Kuzey Londra’da büyüyen Amy, caz müzikle iç içe bir ailede yetişti. Babasının Frank Sinatra sevgisi, annesinin ve büyükannesinin müzikle ilgisi, onun küçük yaşta müziğe ve duygulara yönelmesini sağladı.

Taşıdığı potansiyel ve kendini ifade etmedeki başarısı, ailesi ve çevresi tarafından fark ediliyor ve destekleniyordu. Bu potansiyel o kadar güçlüydü ki, hayatı boyunca çevresindeki herkes bu pastadan payını almak isteyecekti.

Onun yeteneği sadece sesinde değil, söz yazarlığında da gizliydi. Amy, genç bir kadın olmasına rağmen yazdığı sözler, olgun bir ruha sahip olduğunu gösteriyordu. Müzik endüstrisi için Amy, erken olgunlaşmış bir yıldızdı.

“Kendi sesinin ağırlığını taşıyamayan bir ruh.”

Erkekler ve Karanlık

Wikimedia

Amy’nin hayatında erkek figürleri hep belirleyici oldu ama çoğu zaman iyileştiren değil, yaralayan bir biçimde.

Rehab şarkısını anlamak için önce babasıyla olan ilişkisini anlamak gerekir. Babası, hayatında karmaşık bir figürdü. Tüm bu bağımlılık sorunları ve yanlış erkek seçimleri, en başında babasının onda bıraktığı boşluktan kaynaklıydı.

Amy dokuz yaşındayken babası başka bir kadına âşık oldu ve evden ayrıldı. Amy’nin içinde o günden itibaren, yaşamının son gününe kadar kapanmayacak o boşluk oluştu. Annesiyle babasının ayrılması, ondaki güvensizlik ve terk edilme korkusunun başlangıcıydı. Çoğu zaman bu eksikliklerini bastırmak için alkole başvurmuş olsa gerek ki, alkol problemleri onu hiç bırakmadı. Bağımlılığa olan yatkınlığı da tam olarak burada başladı.
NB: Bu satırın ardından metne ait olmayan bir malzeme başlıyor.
(* Assume in addition that $f$ is continuously differentiable on $\Theta$. Then there exists $\varepsilon>0$ such that every maximizer $s^*$ of $R_0(s)=\int_0^{\bar\theta}J(\theta)s(\theta)\,dF(\theta)$ over $\mathcal S(0)$ satisfies $s^*(\theta)=F(\theta)$ for almost every $\theta\in[\bar\theta-\varepsilon,\bar\theta]$ (the highest types are fully separated).
   Context: Let $0<\bar\theta<\infty$, $\Theta=[0,\bar\theta]$, $F$ a cdf on $\Theta$ with continuous, strictly positive density $f$, $dF=f\,d\theta$, and $J(\theta)=\theta-\frac{1-F(\theta)}{f(\theta)}$. For bounded measurable $a,b$ on $\Theta$, write $b\in\mathrm{MPS}(a)$ if $\int_x^{\bar\theta}b\,dF\le\int_x^{\bar\theta}a\,dF$ for all $x\in\Theta$, with equality at $x=0$. $\mathcal S(0)$ is the set of nondecreasing $s:\Theta\to[0,1]$ with $s\in\mathrm{MPS}(F)$. *)

theory Defs
  imports "HOL-Analysis.Analysis"
begin

text \<open>Theta = {0..tb}; dF = f d(theta). Integrals are Lebesgue integrals w.r.t. lborel.\<close>

definition virt_val :: "(real \<Rightarrow> real) \<Rightarrow> (real \<Rightarrow> real) \<Rightarrow> real \<Rightarrow> real" where
  "virt_val F f \<theta> = \<theta> - (1 - F \<theta>) / f \<theta>"

definition in_MPS :: "real \<Rightarrow> (real \<Rightarrow> real) \<Rightarrow> (real \<Rightarrow> real) \<Rightarrow> (real \<Rightarrow> real) \<Rightarrow> bool" where
  "in_MPS tb f b a \<longleftrightarrow>
     bounded (b ` {0..tb}) \<and> bounded (a ` {0..tb}) \<and>
     set_borel_measurable lborel {0..tb} b \<and> set_borel_measurable lborel {0..tb} a \<and>
     (\<forall>x\<in>{0..tb}. (LINT t:{x..tb}|lborel. b t * f t) \<le> (LINT t:{x..tb}|lborel. a t * f t)) \<and>
     (LINT t:{0..tb}|lborel. b t * f t) = (LINT t:{0..tb}|lborel. a t * f t)"

definition S0 :: "real \<Rightarrow> (real \<Rightarrow> real) \<Rightarrow> (real \<Rightarrow> real) \<Rightarrow> (real \<Rightarrow> real) set" where
  "S0 tb f F = {s. mono_on {0..tb} s \<and> (\<forall>\<theta>\<in>{0..tb}. s \<theta> \<in> {0..1}) \<and> in_MPS tb f s F}"

definition R0 :: "real \<Rightarrow> (real \<Rightarrow> real) \<Rightarrow> (real \<Rightarrow> real) \<Rightarrow> (real \<Rightarrow> real) \<Rightarrow> real" where
  "R0 tb f F s = (LINT \<theta>:{0..tb}|lborel. virt_val F f \<theta> * s \<theta> * f \<theta>)"

end

theory Submission
  imports Defs
begin

text \<open>
  For feasible s let tail z be the slack of the mean-preserving-spread constraint at z, the integral
  of (F - s) f over [z, tb]; it is nonnegative and vanishes at 0 and tb. Since J \<le> id, J tb = tb
  and J' tb = 2, there is \<epsilon> > 0 such that on [tb - \<epsilon>, tb] the virtual value J is increasing and
  dominates all its values further left. For a maximiser s let m be the infimum of the points of
  [tb - \<epsilon>, tb] where s \<le> F, so that s \<le> F m on [0, m] and s > F on [tb - \<epsilon>, m). Raising s to F
  above m and capping it at a level L on [0, m], with L chosen to keep the mean, gives a feasible
  scheme that gains at least the integral of (J y - J m) (F y - s y) f y over [m, tb]; integration
  by parts turns this into the integral of J' \<cdot> tail, which is nonnegative. Maximality forces
  tail = 0 on [m, tb], hence s = F on (m, tb), and tail (tb - \<epsilon>) \<ge> 0 forces m = tb - \<epsilon>.
\<close>

definition bounded_measurable_on :: "real set \<Rightarrow> (real \<Rightarrow> real) \<Rightarrow> bool" where
  "bounded_measurable_on S g \<longleftrightarrow> set_borel_measurable lborel S g \<and> bounded (g ` S)"

lemma bounded_measurable_on_set_integrable:
  assumes g: "bounded_measurable_on {a..b} g" and "a \<le> c" "d \<le> b"
  shows "set_integrable lborel {c..d} g"
proof -
  from g obtain B where B: "\<forall>x\<in>{a..b}. norm (g x) \<le> B"
    by (auto simp: bounded_measurable_on_def bounded_iff)
  have "set_integrable lborel {a..b} g"
    unfolding set_integrable_def
    by (rule integrableI_bounded_set[where A="{a..b}" and B=B])
      (use g B in \<open>auto simp: bounded_measurable_on_def set_borel_measurable_def indicator_def
        emeasure_lborel_Icc_eq\<close>)
  then show ?thesis
    by (rule set_integrable_subset) (use assms in auto)
qed

lemma bounded_measurable_on_integrable_on:
  "bounded_measurable_on {a..b} g \<Longrightarrow> a \<le> c \<Longrightarrow> d \<le> b \<Longrightarrow> g integrable_on {c..d}"
  using bounded_measurable_on_set_integrable set_borel_integral_eq_integral(1) by blast

lemma bounded_measurable_on_set_lebesgue_integral:
  "bounded_measurable_on {a..b} g \<Longrightarrow> a \<le> c \<Longrightarrow> d \<le> b
    \<Longrightarrow> (LINT t:{c..d}|lborel. g t) = integral {c..d} g"
  using bounded_measurable_on_set_integrable set_borel_integral_eq_integral(2) by blast

lemma bounded_measurable_on_continuous:
  assumes "continuous_on {a..b} g"
  shows "bounded_measurable_on {a..b} g"
  using assms borel_measurable_continuous_on_indicator[of "{a..b}" g]
    compact_imp_bounded[OF compact_continuous_image]
  by (auto simp: bounded_measurable_on_def set_borel_measurable_def)

lemma bounded_measurable_on_const: "bounded_measurable_on {a..b} (\<lambda>t. c)"
  by (rule bounded_measurable_on_continuous) simp

lemma bounded_measurable_on_mono:
  assumes mono: "mono_on {a..b} g"
  shows "bounded_measurable_on {a..b} g"
proof -
  have "g \<in> borel_measurable (restrict_space borel {a..b})"
    by (rule borel_measurable_mono_on_fnc) fact
  then have "set_borel_measurable lborel {a..b} g"
    unfolding set_borel_measurable_def by (subst (asm) borel_measurable_restrict_space_iff) auto
  moreover have "\<bar>g t\<bar> \<le> \<bar>g a\<bar> + \<bar>g b\<bar>" if "t \<in> {a..b}" for t
    using mono_onD[OF mono, of a t] mono_onD[OF mono, of t b] that by auto
  then have "bounded (g ` {a..b})"
    unfolding bounded_iff by (intro exI[of _ "\<bar>g a\<bar> + \<bar>g b\<bar>"]) auto
  ultimately show ?thesis
    by (simp add: bounded_measurable_on_def)
qed

lemma bounded_measurable_on_diff:
  assumes "bounded_measurable_on S g" "bounded_measurable_on S h"
  shows "bounded_measurable_on S (\<lambda>t. g t - h t)"
  using assms bounded_minus_comp[of g S h]
  by (auto simp: bounded_measurable_on_def set_borel_measurable_def right_diff_distrib
      intro!: borel_measurable_diff)

lemma bounded_measurable_on_mult:
  assumes "bounded_measurable_on S g" "bounded_measurable_on S h"
  shows "bounded_measurable_on S (\<lambda>t. g t * h t)"
proof -
  have "(\<lambda>x. indicator S x *\<^sub>R (g x * h x)) = (\<lambda>x. (indicator S x *\<^sub>R g x) * (indicator S x *\<^sub>R h x))"
    by (auto simp: indicator_def fun_eq_iff)
  then have "set_borel_measurable lborel S (\<lambda>t. g t * h t)"
    using assms by (auto simp: bounded_measurable_on_def set_borel_measurable_def
      intro!: borel_measurable_times)
  moreover
  from assms obtain B C where "\<forall>x\<in>S. \<bar>g x\<bar> \<le> B" "\<forall>x\<in>S. \<bar>h x\<bar> \<le> C"
    by (auto simp: bounded_measurable_on_def bounded_iff)
  then have "\<forall>x\<in>S. \<bar>g x * h x\<bar> \<le> B * C"
    by (auto simp: abs_mult intro!: mult_mono)
  then have "bounded ((\<lambda>t. g t * h t) ` S)"
    by (auto simp: bounded_iff)
  ultimately show ?thesis
    by (simp add: bounded_measurable_on_def)
qed

lemma abs_integral_le_mult_length:
  fixes g :: "real \<Rightarrow> real"
  assumes "g integrable_on {u..v}" "0 \<le> C" "\<And>t. t \<in> {u..v} \<Longrightarrow> \<bar>g t\<bar> \<le> C"
  shows "\<bar>integral {u..v} g\<bar> \<le> C * \<bar>v - u\<bar>"
proof (cases "u \<le> v")
  case True
  have "norm (integral {u..v} g) \<le> C * measure lborel {u..v}"
    by (rule has_integral_bound_real[where S="{}"]) (use assms in auto)
  then show ?thesis
    using True by simp
qed (use assms in simp)

lemma integral_spike_point:
  fixes g h :: "real \<Rightarrow> real"
  shows "(\<And>t. t \<in> {a..b} \<Longrightarrow> t \<noteq> c \<Longrightarrow> g t = h t) \<Longrightarrow> integral {a..b} g = integral {a..b} h"
  by (rule integral_spike[of "{c}"]) auto

lemma integral_nonpos_except_right_end:
  fixes g :: "real \<Rightarrow> real"
  assumes "g integrable_on {u..v}" "\<And>t. t \<in> {u..<v} \<Longrightarrow> g t \<le> 0"
  shows "integral {u..v} g \<le> 0"
proof -
  define g0 where "g0 t = (if t = v then 0 else g t)" for t
  have "integral {u..v} g = integral {u..v} g0"
    by (rule integral_spike_point[of _ _ v]) (simp add: g0_def)
  also have "\<dots> \<le> integral {u..v} (\<lambda>t. 0)"
    using assms integrable_spike[OF assms(1), of "{v}" g0]
    by (intro integral_le) (auto simp: g0_def)
  finally show ?thesis
    by simp
qed

lemma mono_on_threshold:
  fixes s :: "real \<Rightarrow> real"
  assumes mono: "mono_on {a..b} s" and "a \<le> b"
  obtains p where "p \<in> {a..b}" "\<And>t. t \<in> {a..<p} \<Longrightarrow> s t \<le> L" "\<And>t. t \<in> {p<..b} \<Longrightarrow> L < s t"
proof -
  define A where "A = {t \<in> {a..b}. s t \<le> L} \<union> {a}"
  have A: "A \<noteq> {}" "bdd_above A"
    using assms by (auto simp: A_def bdd_above_def)
  have "Sup A \<in> {a..b}"
    using cSup_upper[OF _ A(2), of a] cSup_least[OF A(1), of b] assms by (auto simp: A_def)
  moreover have "s t \<le> L" if t: "t \<in> {a..<Sup A}" for t
  proof -
    obtain u where u: "u \<in> A" "t < u"
      using t less_cSup_iff[OF A] by auto
    then have "u \<in> {a..b}" "s u \<le> L"
      using t by (auto simp: A_def)
    then show ?thesis
      using mono_onD[OF mono, of t u] t u by auto
  qed
  moreover have "L < s t" if t: "t \<in> {Sup A<..b}" for t
  proof (rule ccontr)
    assume "\<not> L < s t"
    then have "t \<in> A"
      using t \<open>Sup A \<in> {a..b}\<close> by (auto simp: A_def)
    then show False
      using cSup_upper[OF _ A(2), of t] t by auto
  qed
  ultimately show thesis
    using that by blast
qed

text \<open>
  The tail of a bounded measurable \<phi> is differentiable only almost everywhere, but the moment is
  differentiable at every point, with derivative - J' \<cdot> tail; this yields the integration by parts
  formula has_integral_J'_tail.
\<close>

locale tail_moment =
  fixes a b :: real and J J' \<phi> :: "real \<Rightarrow> real"
  assumes J_deriv: "\<And>z. z \<in> {a..b} \<Longrightarrow> (J has_real_derivative J' z) (at z within {a..b})"
    and \<phi>: "bounded_measurable_on {a..b} \<phi>"
begin

definition tail :: "real \<Rightarrow> real" where
  "tail z = integral {z..b} \<phi>"

definition moment :: "real \<Rightarrow> real" where
  "moment z = integral {z..b} (\<lambda>y. (J y - J z) * \<phi> y)"

lemma J_continuous: "continuous_on {a..b} J"
  using J_deriv DERIV_continuous continuous_on_eq_continuous_within by blast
Tabii Amy’nin bağımlılıklarından bahsedeceksek, en büyük bağımlılığı olan Blake Fielder-Civil‘den bahsetmemiz gerekiyor. Amy ve Blake bir bar ortamında tanıştılar ve bu ikili kısa sürede birbirlerine deli gibi bağlandılar. Fakat bu ilişki çok geçmeden alkol ve uyuşturucu bağımlılığıyla beslenen bir döngüye girdi. Ayrılıklar, kavgalar, paparazziler ve her zaman olduğu gibi müthiş bir kararlılıkla bu ilişkiyi devam ettirme çabası, Amy’yi bu süreç içinde oldukça yıprattı.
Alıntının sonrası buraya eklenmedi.